Tensor methods have been used successfully in modeling multi-aspect data and finding useful latent factors in various applications. These applications range from finding meaningful communities in social networks, detecting fake news, brain data analysis (EEG) and countless other applications in various domains like Chemometrics, Psychometrics, and Signal Processing.Despite the success of tensor methods in a wide variety of problems, the application of tensor methods typically entails a number of assumptions which, even though they may pertain only to a limited set of applications or to certain algorithms, are so pervasive that they are considered conventional. However, those assumptions may not be generalizable and, in fact, may hurt performance of tensor methods broadly. The main motivation behind this thesis is to revisit some of those conventional assumptions, propose methods to tackle problems arising from relaxing those assumptions, and observing the subsequent advantages of doing so.
Below is the list of works covered in this thesis. Firstly, we focus on a domain specific problem, in which we create a richer feature space for hyperspectral pixel classifications. The next three projects focus on time-evolving graphs, specifically how latent factors evolve over time in streaming tensor decomposition and adaptive granularity in multi-aspect temporal data.
1. Feature Space Explosion: In this work, we used tensor factorization to generate a richer feature space for pixel classification in hyperspectral images. We propose a feature explosion technique which maps the input space to a higher dimensional space, which is contrary to the typical low-rank factorization to a low-dimensional space.
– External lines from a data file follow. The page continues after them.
(* Maximality is tested
   against all equicontinuous factors realised inside the Hilbert cube type
   nat => real (every compact metrisable space embeds there). *)
definition max_equicontinuous_factor :: "('g::group_add \<Rightarrow> 'x::metric_space \<Rightarrow> 'x) \<Rightarrow>
     ('g \<Rightarrow> 'y::metric_space \<Rightarrow> 'y) \<Rightarrow> ('x \<Rightarrow> 'y) \<Rightarrow> bool" where
  "max_equicontinuous_factor \<alpha> \<beta> \<pi> \<longleftrightarrow>
     factor_map_onto \<alpha> UNIV \<beta> \<pi> \<and> equicontinuous_on UNIV \<beta> \<and>
     (\<forall>(Z::(nat \<Rightarrow> real) set) \<gamma> \<rho>. compact Z \<and> factor_map_onto \<alpha> Z \<gamma> \<rho> \<and> equicontinuous_on Z \<gamma>
        \<longrightarrow> (\<exists>\<phi>. continuous_on UNIV \<phi> \<and> (\<forall>x. \<rho> x = \<phi> (\<pi> x))))"

(* Ellis semigroup: closure of {alpha^t} in X^X with the product (pointwise) topology *)
definition ellis :: "('g \<Rightarrow> 'x \<Rightarrow> 'x::topological_space) \<Rightarrow> ('x \<Rightarrow> 'x) set" where
  "ellis \<alpha> = closure (range \<alpha>)"

definition two_sided_ideal :: "('x \<Rightarrow> 'x) set \<Rightarrow> ('x \<Rightarrow> 'x) set \<Rightarrow> bool" where
  "two_sided_ideal E I \<longleftrightarrow> I \<noteq> {} \<and> I \<subseteq> E \<and> (\<forall>p\<in>E. \<forall>q\<in>I. p \<circ> q \<in> I \<and> q \<circ> p \<in> I)"
text \<open>The comparison pattern of the unique linear extension \<open>f\<close> of \<open>T\<close> such that \<open>w\<close> is an
  ordered partition of the word topology of \<open>f\<close>.\<close>

definition tie_break :: "nat topology \<Rightarrow> nat list \<Rightarrow> nat \<Rightarrow> nat \<Rightarrow> bool" where
  "tie_break T w i j \<longleftrightarrow> letter w i < letter w j \<or> letter w i = letter w j \<and> (tsim T i j \<or> lt i j)"

lemma tie_break_total: "tie_break T w i j \<or> tie_break T w j i"
  unfolding tie_break_def using total[of i j] tsim_sym by (cases "i = j") auto

lemma tsim_or_lt_trans:
  assumes not_interrupted: "\<And>a b c. a \<in> {i, j, k} \<Longrightarrow> b \<in> {i, j, k} \<Longrightarrow> c \<in> {i, j, k} \<Longrightarrow>
      \<not> (lt a b \<and> lt b c \<and> tsim T a c \<and> \<not> tsim T a b \<and> \<not> tsim T b c)"
    and ij: "tsim T i j \<or> lt i j" and jk: "tsim T j k \<or> lt j k"
  shows "tsim T i k \<or> lt i k"
proof (rule ccontr)
  assume not_ik: "\<not> (tsim T i k \<or> lt i k)"
  then have "i \<noteq> k" "\<not> tsim T k i" by (auto dest: tsim_sym)
  then have "lt k i" using total not_ik by blast
  from ij jk show False
  proof (elim disjE)
    assume "tsim T i j" "tsim T j k"
    then show False using not_ik tsim_trans by blast
  next
    assume "tsim T i j" "lt j k"
    then have "\<not> tsim T j k" using not_ik tsim_trans by blast
    then show False
      using not_interrupted[of j k i] \<open>lt j k\<close> \<open>lt k i\<close> \<open>tsim T i j\<close> \<open>\<not> tsim T k i\<close> tsim_sym by auto
  next
    assume "lt i j" "tsim T j k"
    then have "\<not> tsim T i j" using not_ik tsim_trans by blast
    then show False
      using not_interrupted[of k i j] \<open>lt i j\<close> \<open>lt k i\<close> \<open>tsim T j k\<close> \<open>\<not> tsim T k i\<close> tsim_sym by auto
  next
    assume "lt i j" "lt j k"
    then show False using not_ik trans by blast
  qed
qed

lemma tie_break_trans:
  assumes w: "no_interrupted_class lt T w" and ijk: "i \<in> {1..length w}" "j \<in> {1..length w}" "k \<in> {1..length w}"
    and ij: "tie_break T w i j" and jk: "tie_break T w j k"
  shows "tie_break T w i k"
proof (cases "letter w i = letter w j \<and> letter w j = letter w k")
  case False
  with ij jk show ?thesis unfolding tie_break_def by auto
next
  case True
  have "\<not> (lt a b \<and> lt b c \<and> tsim T a c \<and> \<not> tsim T a b \<and> \<not> tsim T b c)"
    if "a \<in> {i, j, k}" "b \<in> {i, j, k}" "c \<in> {i, j, k}" for a b c
  proof -
    have "a \<in> {1..length w}" "b \<in> {1..length w}" "c \<in> {1..length w}"
      "letter w a = letter w b" "letter w b = letter w c"
      using that ijk True by auto
    then show ?thesis using w unfolding no_interrupted_class_def by blast
  qed
  moreover have "tsim T i j \<or> lt i j" "tsim T j k \<or> lt j k"
    using ij jk True unfolding tie_break_def by auto
  ultimately have "tsim T i k \<or> lt i k" by (rule tsim_or_lt_trans)
  then show ?thesis using True unfolding tie_break_def by simp
qed

lemma tie_break_both_iff_tsim:
  assumes "w \<in> gen_part T" "i \<in> {1..length w}" "j \<in> {1..length w}"
  shows "tie_break T w i j \<and> tie_break T w j i \<longleftrightarrow> tsim T i j"
proof
  assume "tie_break T w i j \<and> tie_break T w j i"
  then have "tsim T i j \<or> tsim T j i \<or> lt i j \<and> lt j i" unfolding tie_break_def by auto
  then show "tsim T i j" using asym tsim_sym by blast
next
  assume "tsim T i j"
  then show "tie_break T w i j \<and> tie_break T w j i"
    using gen_part_tsim[OF assms] tsim_sym unfolding tie_break_def by auto
qed

lemma lin_ext_pattern_if_ordered_partition:
  assumes f: "f \<in> lin_ext T" and w: "ordered_partition lt (word_topology f) w"
    and ij: "i \<in> {1..length w}" "j \<in> {1..length w}"
  shows "letter f i \<le> letter f j \<longleftrightarrow> tie_break T w i j"
proof -
  have len: "length w = length f"
    and mono: "\<And>i j. i \<in> {1..length w} \<Longrightarrow> j \<in> {1..length w} \<Longrightarrow>
        letter f i \<le> letter f j \<Longrightarrow> letter w i \<le> letter w j"
    using w unfolding ordered_partition_def gen_part_word_topology by auto
  have ties: "letter f i < letter f j \<Longrightarrow> letter w i = letter w j \<Longrightarrow> lt i j"
    if "i \<in> {1..length w}" "j \<in> {1..length w}" for i j
    using w that len unfolding ordered_partition_def ties_ordered_def by (auto simp: tlt_word_topology)
  have f_eq: "letter f i = letter f j \<longleftrightarrow> tsim T i j"
    using f ij len unfolding lin_ext_def by auto
  show ?thesis
  proof
    assume "letter f i \<le> letter f j"
    then show "tie_break T w i j"
      using mono[OF ij] mono[OF ij(2,1)] ties[OF ij] f_eq unfolding tie_break_def by fastforce
  next
    assume tb: "tie_break T w i j"
    show "letter f i \<le> letter f j"
    proof (rule ccontr)
      assume "\<not> letter f i \<le> letter f j"
      then have "letter f j < letter f i" by simp
      then show False
        using tb mono[OF ij(2,1)] ties[OF ij(2,1)] f_eq asym[of i j] tsim_sym
        unfolding tie_break_def by fastforce
    qed
  qed
qed

lemma lin_ext_unique_if_ordered_partition:
  assumes "f \<in> lin_ext T" "ordered_partition lt (word_topology f) w"
    and "g \<in> lin_ext T" "ordered_partition lt (word_topology g) w"
  shows "f = g"
proof (rule packed_eqI)
  have "length w = length f" "length w = length g"
    using assms unfolding ordered_partition_def gen_part_word_topology by auto
  then show "length f = length g"
    and "\<And>i j. i \<in> {1..length f} \<Longrightarrow> j \<in> {1..length f} \<Longrightarrow>
        letter f i \<le> letter f j \<longleftrightarrow> letter g i \<le> letter g j"
    using lin_ext_pattern_if_ordered_partition assms by auto
qed (use assms lin_ext_packed in auto)

context
  fixes T w f
  assumes w: "ordered_partition lt T w"
    and f: "packed f" "length f = length w"
    and pattern: "\<And>i j. i \<in> {1..length w} \<Longrightarrow> j \<in> {1..length w} \<Longrightarrow>
        letter f i \<le> letter f j \<longleftrightarrow> tie_break T w i j"
begin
We propose an algorithm called ORION, which exploits the multi-linear structure of the 3-D hyperspectral tensor using tensor decomposition and generates a space which is more expressive than the original input space. Effectiveness of our method was demonstrated against traditional linear and non-linear supervised learning methods such as SVM with kernels, and the Multi-Layer Perceptron model.
2. Concept Drift in Streaming Tensor Decomposition: Streaming tensor decomposition is usually performed on incoming data in batches to find latent factors and update the existing decomposition results. The number of latent factors are considered to be fixed over time, which is not the case in most scenarios. The number of latent factors might change from batch to batch. For example in time-evolving social graphs, communities don't remain static; they evolve over time. Some communities disappear and some new communities are formed. In this work and to the best of our knowledge, we were the first to introduce the notion of latent concept drift in the context of streaming tensor decomposition and propose an algorithm called SeekAndDestroy which detects concept drift, discovers new latent factors and updates the existing decomposition result.
3. Greedy Algorithm for Adaptive Granularity: Time evolving graphs are usually modelled as tensors where each time unit is represented as an adjacency matrix and then whole data over a certain time interval can be modelled as a 3-D tensor. In such scenarios, granularity of collected data can decide on the utility of tensor decomposition algorithms. If data is collected at very frequent intervals, the resulting tensor might be extremely sparse and hence not amenable to tensor decompositions. Usually practitioners combine data points to form fixed time-intervals. For instance, an application may combine milliseconds to form seconds, or seconds to form a minute etc. But there might exist a natural aggregation which can provide important insights in the form of latent factors. In this work, we introduce the problem of temporal aggregation in tensors called TrappedUnderIce and we provide a greedy solution called IceBreaker, which locally maximizes some quality function and finds a tensor with meaningful structure.
4. Factorization-based Granularity Estimation: Lastly we introduce a method called Harvester, in which the problem of aforementioned Adaptive Granularity is framed in terms of a factorization-based optimization problem. To the best of our knowledge, Harvester is the first principled factorization-based approach which seeks to identify the best temporal granularity of a given tensor. Unlike IceBreaker which follows a greedy approach, Harvester leverages multiple aggregated views of the tensor, and a carefully-designed optimization problem, in order to uncover the best reasonable aggregation. We extensively evaluated Harvester on synthetic, semi-synthetic and real datasets, and demonstrated that it consistently produces tensors of very high quality.